OTTAWA — The country’s biggest public-sector union says it’s prepared to stay at the bargaining table with the federal government to reach a new contract for more than 70,000 of its members as the clock ticks toward a general election campaign.

The Public Service Alliance of Canada, which represents about 140,000 federal employees, returned to negotiations Sept. 1 after it said the Trudeau government gave indications that it was prepared to do better than the terms already agreed to with other civil service unions.

PSAC was the lone holdout earlier this year when it rejected Ottawa’s offer of wage increases and compensation for the stress caused to public servants by the Phoenix pay-system debacle.

Several other unions reached tentative agreements that included a cumulative, one-time extra week off over four years for federal employees who were left struggling with the pay system, which has overpaid, underpaid, and in some cases not paid employees at all since its launch in 2016.

Signatories included the Professional Institute of the Public Service of Canada, the Association of Canadian Financial Officers and the Canadian Association of Professional Employees.

Wage provisions added up to minimum increases of two per cent each year in 2018 and 2019, and 1.5 per cent in 2020 and 2021, plus adjustments to wage grids that could increase wages by another one per cent.

PSAC spokesman Riccardo Filippone would not say Friday exactly what convinced his union to return to the bargaining table.

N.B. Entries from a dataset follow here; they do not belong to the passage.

lemma sum_mset_int_multiples:
  fixes f :: "rat \<Rightarrow> rat" and D :: int
  assumes "\<And>g. g \<in># m \<Longrightarrow> \<exists>c. f g = of_int (D * c)"
  shows "\<exists>C. (\<Sum>g\<in>#m. f g) = of_int (D * C)"
  using assms
proof (induction m)
  case empty
  then show ?case by (intro exI[of _ 0]) simp
next
  case (add x m)
  then obtain C c where "(\<Sum>g\<in>#m. f g) = of_int (D * C)" "f x = of_int (D * c)" by force
  then show ?case by (intro exI[of _ "c + C"]) (simp add: algebra_simps)
qed

lemma sum_mset_pos:
  fixes m :: "rat multiset"
  assumes "\<forall>g\<in>#m. 0 < g" "m \<noteq> {#}"
  shows "0 < sum_mset m"
  using assms
proof (induction m)
  case (add x m)
  then show ?case by (cases "m = {#}") (auto intro: add_pos_pos)
qed simp

lemma fraction_power_scaled:
  fixes a b :: int
  assumes "b \<noteq> 0" "t \<le> T"
  shows "(of_int a / of_int b :: rat) ^ t * of_int b ^ T = of_int (a ^ t * b ^ (T - t))"
proof -
  have "(of_int b :: rat) ^ T = of_int b ^ t * of_int b ^ (T - t)"
    using assms by (simp add: power_add[symmetric])
  then show ?thesis using assms(1) by (simp add: power_divide)
qed

context
  fixes r :: rat and a b :: int and m :: "rat multiset" and s :: nat
  assumes r: "r = of_int a / of_int b" and a_ge_2: "2 \<le> a" and b_ge_2: "2 \<le> b"
    and coprime_ab: "coprime a b"
    and powers: "\<forall>g\<in>#m. \<exists>t. g = r ^ t" and sum_power: "sum_mset m = r ^ s" and size_m: "2 \<le> size m"
begin

lemma sum_mset_scaled: "(\<Sum>g\<in>#m. g * of_int b ^ T) = of_int (a ^ s * b ^ (T - s))" if "s \<le> T"
proof -
  have "(\<Sum>g\<in>#m. g * of_int b ^ T) = sum_mset m * of_int b ^ T"
    by (induction m) (auto simp: algebra_simps)
  then show ?thesis using sum_power fraction_power_scaled[OF _ that, of b a] r b_ge_2 by simp
qed

lemma summand_less: "g \<in># m \<Longrightarrow> g < r ^ s"
proof -
  assume "g \<in># m"
  then obtain m' where m': "m = add_mset g m'" by (metis multi_member_split)
  moreover have "0 < r" using r a_ge_2 b_ge_2 by simp
  ultimately have "0 < sum_mset m'"
    using size_m powers by (intro sum_mset_pos) auto
  then show "g < r ^ s" using sum_power m' by simp
qed

lemma power_not_sum_of_larger_powers: False if "b < a"
proof -
  have "1 < r" using that r b_ge_2 by simp
  have "\<exists>c. g * of_int b ^ s = of_int (b * c)" if g: "g \<in># m" for g
  proof -
    obtain t where t: "g = r ^ t" using powers g by auto
    then have "t < s" using summand_less[OF g] \<open>1 < r\<close> by simp
    then have "g * of_int b ^ s = of_int (a ^ t * b ^ (s - t))"
      using fraction_power_scaled[of b t s a] t r b_ge_2 by simp
    also have "\<dots> = of_int (b * (a ^ t * b ^ (s - t - 1)))"
      using \<open>t < s\<close> by (simp add: power_eq_if)
    finally show ?thesis by blast
  qed
  then obtain C where "(\<Sum>g\<in>#m. g * of_int b ^ s) = of_int (b * C)"
    using sum_mset_int_multiples[of m "\<lambda>g. g * of_int b ^ s" b] by blast
  then have "of_int (a ^ s) = (of_int (b * C) :: rat)" using sum_mset_scaled[of s] by simp
  then have "b dvd a ^ s" by (simp only: of_int_eq_iff) simp
  moreover have "coprime b (a ^ s)" using coprime_ab by (simp add: coprime_commute)
  ultimately have "is_unit b" by (meson coprime_common_divisor dvd_refl)
  then show False using b_ge_2 by simp
qed

lemma power_not_sum_of_smaller_powers: False if "a < b"
proof -
  have "0 < r" "r < 1" using that r a_ge_2 by simp_all
  have "\<exists>t. g = r ^ t \<and> s < t" if g: "g \<in># m" for g
  proof -
    obtain t where "g = r ^ t" using powers g by auto
    moreover have "r ^ t < r ^ s" using summand_less[OF g] \<open>g = r ^ t\<close> by simp
    ultimately show ?thesis using \<open>0 < r\<close> \<open>r < 1\<close> power_strict_decreasing_iff by blast
  qed
  then obtain t where t: "\<And>g. g \<in># m \<Longrightarrow> g = r ^ t g \<and> s < t g" by metis
  define T where "T = Max (t ` set_mset m)"
  have tT: "t g \<le> T" if "g \<in># m" for g using that unfolding T_def by simp
  obtain g0 where "g0 \<in># m" using size_m by fastforce
  then have "s \<le> T" using t tT by (meson less_imp_le order.trans)
  have "\<exists>c. g * of_int b ^ T = of_int (a ^ Suc s * c)" if g: "g \<in># m" for g
  proof -
    have "g * of_int b ^ T = of_int (a ^ t g * b ^ (T - t g))"
      using fraction_power_scaled[of b "t g" T a] t[OF g] tT[OF g] r b_ge_2 by simp
    also have "\<dots> = of_int (a ^ Suc s * (a ^ (t g - Suc s) * b ^ (T - t g)))"
    proof -
      have "t g = Suc s + (t g - Suc s)" using t[OF g] by simp
      then have "a ^ t g = a ^ Suc s * a ^ (t g - Suc s)" by (metis power_add)
      then show ?thesis by simp
    qed
    finally show ?thesis by blast
  qed
  then obtain C where "(\<Sum>g\<in>#m. g * of_int b ^ T) = of_int (a ^ Suc s * C)"
    using sum_mset_int_multiples[of m "\<lambda>g. g * of_int b ^ T" "a ^ Suc s"] by blast
  then have "of_int (a ^ s * b ^ (T - s)) = (of_int (a ^ s * (a * C)) :: rat)"
    using sum_mset_scaled[OF \<open>s \<le> T\<close>] by simp
  then have "a ^ s * b ^ (T - s) = a ^ s * (a * C)" by (simp only: of_int_eq_iff)
  then have "a dvd b ^ (T - s)" using a_ge_2 by simp
  moreover have "coprime a (b ^ (T - s))" using coprime_ab by simp
  ultimately have "is_unit a" by (meson coprime_common_divisor dvd_refl)
  then show False using a_ge_2 by simp
qed

end

lemma atoms_exp_puiseux_coprime:
  assumes r: "r = of_int a / of_int b" and "2 \<le> a" "2 \<le> b" "coprime a b"
  shows "atoms (exp_puiseux r N) = {r ^ k | k. k \<in> N}"
proof
  have "0 < r" using assms by simp
  then show "atoms (exp_puiseux r N) \<subseteq> {r ^ k | k. k \<in> N}"
    unfolding exp_puiseux_def by (intro atoms_gen_monoid_subset) auto
  have "a \<noteq> b" using assms(2,4) by auto
  show "{r ^ k | k. k \<in> N} \<subseteq> atoms (exp_puiseux r N)"
  proof
    fix g assume g: "g \<in> {r ^ k | k. k \<in> N}"
    then obtain s where s: "g = r ^ s" by auto
    have "u = 0 \<or> v = 0" if "u \<in> exp_puiseux r N" "v \<in> exp_puiseux r N" "g = u + v" for u v
    proof (rule ccontr)
      assume "\<not> (u = 0 \<or> v = 0)"
      then have "u \<in> gen_monoid {r ^ k | k. k \<in> N}" "v \<in> gen_monoid {r ^ k | k. k \<in> N}" "u \<noteq> 0" "v \<noteq> 0"
        using that(1,2) unfolding exp_puiseux_def by auto
      then obtain m where m: "set_mset m \<subseteq> {r ^ k | k. k \<in> N}" "sum_mset m = u + v" "2 \<le> size m"
        by (rule gen_monoid_sum_size_ge_2)
      have "\<forall>g\<in>#m. \<exists>t. g = r ^ t" using m(1) by auto
      moreover have "sum_mset m = r ^ s" using m(2) that(3) s by simp
      moreover consider "b < a" | "a < b" using \<open>a \<noteq> b\<close> by linarith
      ultimately show False
        using power_not_sum_of_larger_powers[OF r assms(2-4)] power_not_sum_of_smaller_powers[OF r assms(2-4)]
          m(3) by metis
    qed
    moreover have "g \<in> exp_puiseux r N" "g \<noteq> 0"
      using g s \<open>0 < r\<close> gen_monoid_generator unfolding exp_puiseux_def by auto
    ultimately show "g \<in> atoms (exp_puiseux r N)" unfolding atoms_def by blast
  qed
qed

context tail_atom_sequence
begin

lemma minimal_count_vector:
  assumes "count_lengths x \<noteq> {}"
  obtains c0 M0 where "\<forall>i\<ge>M0. c0 i = 0" "(\<Sum>i<M0. of_nat (c0 i) * atom i) = x"
    "\<And>n. n \<in> count_lengths x \<Longrightarrow> (\<Sum>i<M0. c0 i) \<le> n"
proof -
  have "(LEAST n. n \<in> count_lengths x) \<in> count_lengths x"
    using assms by (meson LeastI ex_in_conv)
  then obtain c0 M0 where "(LEAST n. n \<in> count_lengths x) = (\<Sum>i<M0. c0 i)"
    "\<forall>i\<ge>M0. c0 i = 0" "(\<Sum>i<M0. of_nat (c0 i) * atom i) = x"
    unfolding count_lengths_def by blast
  then show ?thesis using that Least_le by metis
qed

lemma count_lengths_as_weights:
  assumes "count_lengths x \<noteq> {}"
  obtains z0 l0 where "\<And>i. 0 \<le> z0 i"
    "int ` count_lengths x = (\<lambda>l. l0 + (a - b) * l) ` weights z0"
    "\<And>F. feasible z0 F \<Longrightarrow> 0 \<le> (a - b) * weight trade_weight F"
proof -
  obtain c0 M0 where c0: "\<forall>i\<ge>M0. c0 i = 0" "(\<Sum>i<M0. of_nat (c0 i) * atom i) = x"
    and min: "\<And>n. n \<in> count_lengths x \<Longrightarrow> (\<Sum>i<M0. c0 i) \<le> n"
    using minimal_count_vector[OF assms] by metis
  have "0 \<le> (a - b) * weight trade_weight F" if F: "feasible (\<lambda>i. int (c0 i)) F" for F
  proof -
    obtain n where "n \<in> count_lengths x" "int n = int (\<Sum>i<M0. c0 i) + (a - b) * weight trade_weight F"
      using weights_in_count_lengths[OF c0 weightsI[OF F]] by auto
    then show ?thesis using min[of n] by linarith
  qed
  then show ?thesis using that[of "\<lambda>i. int (c0 i)"] count_lengths_eq_weights[OF c0] by auto
qed

lemma AAP_count_lengths_if_a_gt_b:
  assumes "b < a"
  shows "\<exists>B. \<forall>x. count_lengths x \<noteq> {} \<longrightarrow> AAP (a - b) B (int ` count_lengths x)"
proof (intro exI allI impI)
  fix x assume "count_lengths x \<noteq> {}"
  then obtain z0 l0 where z0: "\<And>i. 0 \<le> z0 i"
    and L: "int ` count_lengths x = (\<lambda>l. l0 + (a - b) * l) ` weights z0"
    and sign: "\<And>F. feasible z0 F \<Longrightarrow> 0 \<le> (a - b) * weight trade_weight F"
    by (rule count_lengths_as_weights) auto
  interpret weights_nonneg gap_num gap_den trade_weight p a b z0
    using z0 sign assms by unfold_locales (auto simp: zero_le_mult_iff)
  have "1 \<le> a - b" using assms by simp
  from weights_interval_cases
  show "AAP (a - b) (nat ((a - b) * overshoot_bound)) (int ` count_lengths x)"
  proof
    assume "{0..} \<subseteq> weights z0"
    then show ?thesis
      unfolding L using \<open>1 \<le> a - b\<close> overshoot_bound_nonneg in_weights_nonneg
      by (intro AAP_affine_ray[where Y = 0]) auto
  next
    assume "\<exists>Y\<ge>0. {0..Y} \<subseteq> weights z0 \<and> weights z0 \<subseteq> {0..Y + overshoot_bound}"
    then obtain Y where "0 \<le> Y" "{0..Y} \<subseteq> weights z0" "weights z0 \<subseteq> {0..Y + overshoot_bound}"
      by blast
    then show ?thesis
      unfolding L by (rule AAP_affine_interval[OF \<open>1 \<le> a - b\<close> overshoot_bound_nonneg])
  qed
qed

lemma AAP_count_lengths_if_a_lt_b:
  assumes "a < b"
  shows "\<exists>B. \<forall>x. count_lengths x \<noteq> {} \<longrightarrow> AAP (b - a) B (int ` count_lengths x)"
proof -
  interpret exchange_system_lt gap_num gap_den trade_weight p a b
  proof
    show "b \<le> gap_den i" for i
      using power_increasing[OF gap_pos, of b i] b_pos unfolding gap_den_def by simp
  qed (use assms p_pos in auto)
  show ?thesis
  proof (intro exI allI impI)
    fix x assume "count_lengths x \<noteq> {}"
    then obtain z0 l0 where z0: "\<And>i. 0 \<le> z0 i"
      and L: "int ` count_lengths x = (\<lambda>l. l0 + (a - b) * l) ` weights z0"
      and sign: "\<And>F. feasible z0 F \<Longrightarrow> 0 \<le> (a - b) * weight trade_weight F"
      by (rule count_lengths_as_weights) auto
    interpret weights_nonpos gap_num gap_den trade_weight p a b z0
      using z0 sign assms by unfold_locales (auto simp: zero_le_mult_iff)
    have L': "int ` count_lengths x = (\<lambda>l. l0 + (b - a) * l) ` rev_weights"
      unfolding L weights_eq_uminus_rev_weights image_image by (simp add: algebra_simps)
    have "1 \<le> b - a" using assms by simp
    have "0 \<in> rev_weights" using rev_weightsI[OF rev_feasible_zero] by simp
    from rev_weights_cases
    show "AAP (b - a) (nat ((b - a) * threshold_bound)) (int ` count_lengths x)"
    proof
      assume "\<exists>Y. 0 \<le> Y \<and> Y \<le> threshold_bound \<and> {Y..} \<subseteq> rev_weights"
      then show ?thesis
        unfolding L' using \<open>1 \<le> b - a\<close> in_rev_weights_nonneg
        by (auto intro!: AAP_affine_ray)
    next
      assume "rev_weights \<subseteq> {0..threshold_bound}"
      then show ?thesis
        unfolding L' using \<open>1 \<le> b - a\<close> threshold_bound_nonneg \<open>0 \<in> rev_weights\<close>
        by (intro AAP_affine_interval[where Y = 0]) auto
    qed
  qed
qed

But it had earlier placed two conditions on resuming bargaining. First, it wanted an indication that the government was prepared to talk about a better wage deal than the other unions had accepted. The other was that the government would have to be prepared to talk about Phoenix compensation that involved more than just time off.

“(Treasury Board) very recently communicated that those two contextual demands would be something they could head back to the table to consider,” Filippone said.

The current talks affect about 71,000 program and administrative employees, but it is widely expected that similar contract conditions would apply to other categories of government workers should a deal be struck.

It was not clear Friday whether bargaining would continue through the weekend, although Filippone acknowledged the expectation of an election call coming any day added an element of pressure to the talks.

In May, the government said it had reached tentative agreements with unions representing more than 146,000 of its employees to compensate workers affected by the problems with Phoenix. Those agreements included clauses that would provide workers with compensation in line with whatever improvements PSAC could wrestle from the government.

Under the terms of the deal struck in the spring, the Phoenix compensation included a one-time provision of additional annual leave for employees and a cash pay-out equivalent to the five days of leave for former employees or the estates of deceased employees.

PSAC president Chris Aylward called the deal “meagre” and argued the arrangement treated lower-paid employees unfairly because they would receive less money than higher-paid workers if they decided to cash out their vacation time.

A spokesman for the Treasury Board Secretariat, which is responsible for contract negotiations, declined to comment on the current round of bargaining.

The government’s pay centre continues to grapple with a backlog of roughly 230,000 unresolved pay complaints, a number which has slowly declined since peaking near 300,000 at the beginning of the year.